__TASK__
Give back exactly the lines of the material below that start at the line containing "from centered_interval_exists[OF \<open>0" and end at the line containing "using \<theta>(3) rcis_cmod_Arg[of", and no others.

__MATERIAL FOR THE TASK__
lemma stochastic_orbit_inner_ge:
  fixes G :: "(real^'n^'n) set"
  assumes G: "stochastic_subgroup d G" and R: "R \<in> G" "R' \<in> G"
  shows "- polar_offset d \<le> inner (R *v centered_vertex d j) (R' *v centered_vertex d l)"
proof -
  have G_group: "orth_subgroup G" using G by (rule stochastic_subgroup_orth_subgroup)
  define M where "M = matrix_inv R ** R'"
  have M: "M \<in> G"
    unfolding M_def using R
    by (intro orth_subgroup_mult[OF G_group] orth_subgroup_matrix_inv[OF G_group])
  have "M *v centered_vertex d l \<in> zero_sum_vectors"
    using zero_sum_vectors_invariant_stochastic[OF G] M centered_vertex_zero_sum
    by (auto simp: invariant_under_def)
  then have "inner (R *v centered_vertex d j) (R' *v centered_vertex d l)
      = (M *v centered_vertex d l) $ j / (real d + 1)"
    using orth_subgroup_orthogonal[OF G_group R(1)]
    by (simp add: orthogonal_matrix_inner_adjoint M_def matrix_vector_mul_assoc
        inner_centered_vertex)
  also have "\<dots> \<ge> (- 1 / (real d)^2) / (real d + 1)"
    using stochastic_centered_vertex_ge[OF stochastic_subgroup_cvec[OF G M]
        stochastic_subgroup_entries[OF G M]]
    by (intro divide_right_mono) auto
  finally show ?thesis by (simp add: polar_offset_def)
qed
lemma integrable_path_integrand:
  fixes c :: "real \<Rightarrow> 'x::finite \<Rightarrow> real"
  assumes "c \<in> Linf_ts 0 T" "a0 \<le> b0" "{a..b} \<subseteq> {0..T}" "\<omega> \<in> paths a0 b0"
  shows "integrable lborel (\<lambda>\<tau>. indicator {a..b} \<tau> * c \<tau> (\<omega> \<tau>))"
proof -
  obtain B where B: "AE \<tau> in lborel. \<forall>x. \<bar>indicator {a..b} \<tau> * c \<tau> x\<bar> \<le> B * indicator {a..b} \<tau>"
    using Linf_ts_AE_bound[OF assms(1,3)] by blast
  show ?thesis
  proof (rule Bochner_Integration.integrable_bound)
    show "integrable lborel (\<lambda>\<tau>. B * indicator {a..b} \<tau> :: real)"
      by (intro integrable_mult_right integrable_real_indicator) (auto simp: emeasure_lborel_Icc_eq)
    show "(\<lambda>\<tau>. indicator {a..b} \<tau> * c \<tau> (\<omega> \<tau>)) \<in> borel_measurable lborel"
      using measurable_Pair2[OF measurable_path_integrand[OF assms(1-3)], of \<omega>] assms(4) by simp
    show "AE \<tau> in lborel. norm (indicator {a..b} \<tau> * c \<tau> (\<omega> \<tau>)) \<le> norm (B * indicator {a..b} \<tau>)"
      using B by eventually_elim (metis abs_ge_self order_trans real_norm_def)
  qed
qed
* * *
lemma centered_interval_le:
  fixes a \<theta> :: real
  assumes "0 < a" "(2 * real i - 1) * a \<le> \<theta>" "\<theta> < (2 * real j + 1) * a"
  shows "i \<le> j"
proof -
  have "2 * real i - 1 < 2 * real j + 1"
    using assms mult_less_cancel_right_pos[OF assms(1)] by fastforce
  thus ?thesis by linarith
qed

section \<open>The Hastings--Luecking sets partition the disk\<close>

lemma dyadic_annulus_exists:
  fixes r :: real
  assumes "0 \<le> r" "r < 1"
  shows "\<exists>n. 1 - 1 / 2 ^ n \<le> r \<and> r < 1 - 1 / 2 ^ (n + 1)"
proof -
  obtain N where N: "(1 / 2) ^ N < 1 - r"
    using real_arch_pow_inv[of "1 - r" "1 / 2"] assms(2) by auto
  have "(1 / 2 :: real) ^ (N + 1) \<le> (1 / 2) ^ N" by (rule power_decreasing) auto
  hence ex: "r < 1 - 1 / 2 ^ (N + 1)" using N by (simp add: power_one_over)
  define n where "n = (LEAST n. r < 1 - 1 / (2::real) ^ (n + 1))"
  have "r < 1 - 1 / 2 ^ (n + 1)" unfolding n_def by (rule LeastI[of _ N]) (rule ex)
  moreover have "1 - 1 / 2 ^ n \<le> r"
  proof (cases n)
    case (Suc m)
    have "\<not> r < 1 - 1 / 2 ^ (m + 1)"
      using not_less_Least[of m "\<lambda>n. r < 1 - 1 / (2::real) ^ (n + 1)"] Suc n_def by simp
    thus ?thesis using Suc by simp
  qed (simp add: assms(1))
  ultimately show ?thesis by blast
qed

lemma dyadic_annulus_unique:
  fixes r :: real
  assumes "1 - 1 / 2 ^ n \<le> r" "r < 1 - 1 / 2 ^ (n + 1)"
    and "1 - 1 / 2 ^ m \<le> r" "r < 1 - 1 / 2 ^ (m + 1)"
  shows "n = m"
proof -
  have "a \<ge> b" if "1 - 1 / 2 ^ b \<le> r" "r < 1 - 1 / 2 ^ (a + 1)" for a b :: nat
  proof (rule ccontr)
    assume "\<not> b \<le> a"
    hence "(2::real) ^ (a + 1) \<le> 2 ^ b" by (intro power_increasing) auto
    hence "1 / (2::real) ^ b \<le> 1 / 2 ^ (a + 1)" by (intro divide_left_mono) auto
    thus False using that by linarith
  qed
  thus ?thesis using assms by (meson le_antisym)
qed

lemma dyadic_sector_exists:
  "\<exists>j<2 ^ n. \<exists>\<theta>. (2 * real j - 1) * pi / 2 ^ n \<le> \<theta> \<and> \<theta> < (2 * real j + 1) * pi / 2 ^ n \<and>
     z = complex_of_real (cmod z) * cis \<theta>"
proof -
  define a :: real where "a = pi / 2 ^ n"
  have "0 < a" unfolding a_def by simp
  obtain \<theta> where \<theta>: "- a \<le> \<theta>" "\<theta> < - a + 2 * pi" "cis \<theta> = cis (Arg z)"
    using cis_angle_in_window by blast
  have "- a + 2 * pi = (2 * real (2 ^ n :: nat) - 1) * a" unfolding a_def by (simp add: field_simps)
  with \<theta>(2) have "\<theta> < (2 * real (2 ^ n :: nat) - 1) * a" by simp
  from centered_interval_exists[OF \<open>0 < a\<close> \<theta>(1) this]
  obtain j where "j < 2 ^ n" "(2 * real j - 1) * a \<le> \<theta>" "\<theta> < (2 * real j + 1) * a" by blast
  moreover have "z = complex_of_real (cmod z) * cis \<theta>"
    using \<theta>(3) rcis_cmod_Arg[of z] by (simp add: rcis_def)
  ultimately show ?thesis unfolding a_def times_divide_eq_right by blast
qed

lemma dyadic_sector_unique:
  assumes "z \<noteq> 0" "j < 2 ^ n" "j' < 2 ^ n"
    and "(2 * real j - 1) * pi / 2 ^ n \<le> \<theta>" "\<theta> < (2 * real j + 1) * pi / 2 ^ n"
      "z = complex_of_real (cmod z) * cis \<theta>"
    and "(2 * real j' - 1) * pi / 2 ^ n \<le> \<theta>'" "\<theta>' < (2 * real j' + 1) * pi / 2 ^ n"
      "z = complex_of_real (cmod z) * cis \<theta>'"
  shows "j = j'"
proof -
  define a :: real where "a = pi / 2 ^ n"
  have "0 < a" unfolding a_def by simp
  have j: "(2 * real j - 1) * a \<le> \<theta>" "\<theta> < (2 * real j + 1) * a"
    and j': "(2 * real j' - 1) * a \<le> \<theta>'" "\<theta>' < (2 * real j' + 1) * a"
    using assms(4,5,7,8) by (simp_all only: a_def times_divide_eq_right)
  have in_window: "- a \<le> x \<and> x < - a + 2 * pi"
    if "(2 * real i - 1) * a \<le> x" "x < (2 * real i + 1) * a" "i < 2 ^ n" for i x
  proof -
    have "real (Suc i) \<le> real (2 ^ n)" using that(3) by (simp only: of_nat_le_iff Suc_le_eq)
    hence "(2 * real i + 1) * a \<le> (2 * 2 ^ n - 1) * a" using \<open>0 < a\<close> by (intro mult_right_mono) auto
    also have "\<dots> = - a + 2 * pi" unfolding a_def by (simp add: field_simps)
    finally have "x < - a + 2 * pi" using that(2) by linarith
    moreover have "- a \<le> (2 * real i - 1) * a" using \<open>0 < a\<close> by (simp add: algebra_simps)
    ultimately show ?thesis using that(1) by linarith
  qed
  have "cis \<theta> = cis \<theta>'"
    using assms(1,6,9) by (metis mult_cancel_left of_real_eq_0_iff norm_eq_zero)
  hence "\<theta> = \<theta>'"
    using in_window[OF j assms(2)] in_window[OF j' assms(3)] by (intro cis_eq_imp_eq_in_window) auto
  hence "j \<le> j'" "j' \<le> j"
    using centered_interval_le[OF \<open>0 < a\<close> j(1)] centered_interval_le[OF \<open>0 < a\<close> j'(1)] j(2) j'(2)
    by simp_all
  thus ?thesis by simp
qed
* * *
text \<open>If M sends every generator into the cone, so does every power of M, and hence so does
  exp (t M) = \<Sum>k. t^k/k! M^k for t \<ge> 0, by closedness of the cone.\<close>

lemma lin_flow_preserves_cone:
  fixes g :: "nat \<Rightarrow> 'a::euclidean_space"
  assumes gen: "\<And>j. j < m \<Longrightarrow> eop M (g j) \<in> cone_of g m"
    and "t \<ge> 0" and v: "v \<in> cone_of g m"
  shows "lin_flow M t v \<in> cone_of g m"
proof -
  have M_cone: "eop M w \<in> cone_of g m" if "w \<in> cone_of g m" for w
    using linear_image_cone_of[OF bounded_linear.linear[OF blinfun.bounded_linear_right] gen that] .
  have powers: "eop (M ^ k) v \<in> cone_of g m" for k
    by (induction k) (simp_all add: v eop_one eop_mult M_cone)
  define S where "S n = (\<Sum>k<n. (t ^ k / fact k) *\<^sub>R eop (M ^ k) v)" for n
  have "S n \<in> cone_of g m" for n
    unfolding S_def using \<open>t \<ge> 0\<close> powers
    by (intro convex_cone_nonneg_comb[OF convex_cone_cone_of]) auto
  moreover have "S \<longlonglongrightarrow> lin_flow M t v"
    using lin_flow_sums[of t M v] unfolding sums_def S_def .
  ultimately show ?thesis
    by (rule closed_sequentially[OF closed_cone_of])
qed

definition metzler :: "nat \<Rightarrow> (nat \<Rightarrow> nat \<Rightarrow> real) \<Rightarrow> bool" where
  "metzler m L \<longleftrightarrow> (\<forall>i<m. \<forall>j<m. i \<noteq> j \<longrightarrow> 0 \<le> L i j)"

__THE ANSWER__
  from centered_interval_exists[OF \<open>0 < a\<close> \<theta>(1) this]
  obtain j where "j < 2 ^ n" "(2 * real j - 1) * a \<le> \<theta>" "\<theta> < (2 * real j + 1) * a" by blast
  moreover have "z = complex_of_real (cmod z) * cis \<theta>"
    using \<theta>(3) rcis_cmod_Arg[of z] by (simp add: rcis_def)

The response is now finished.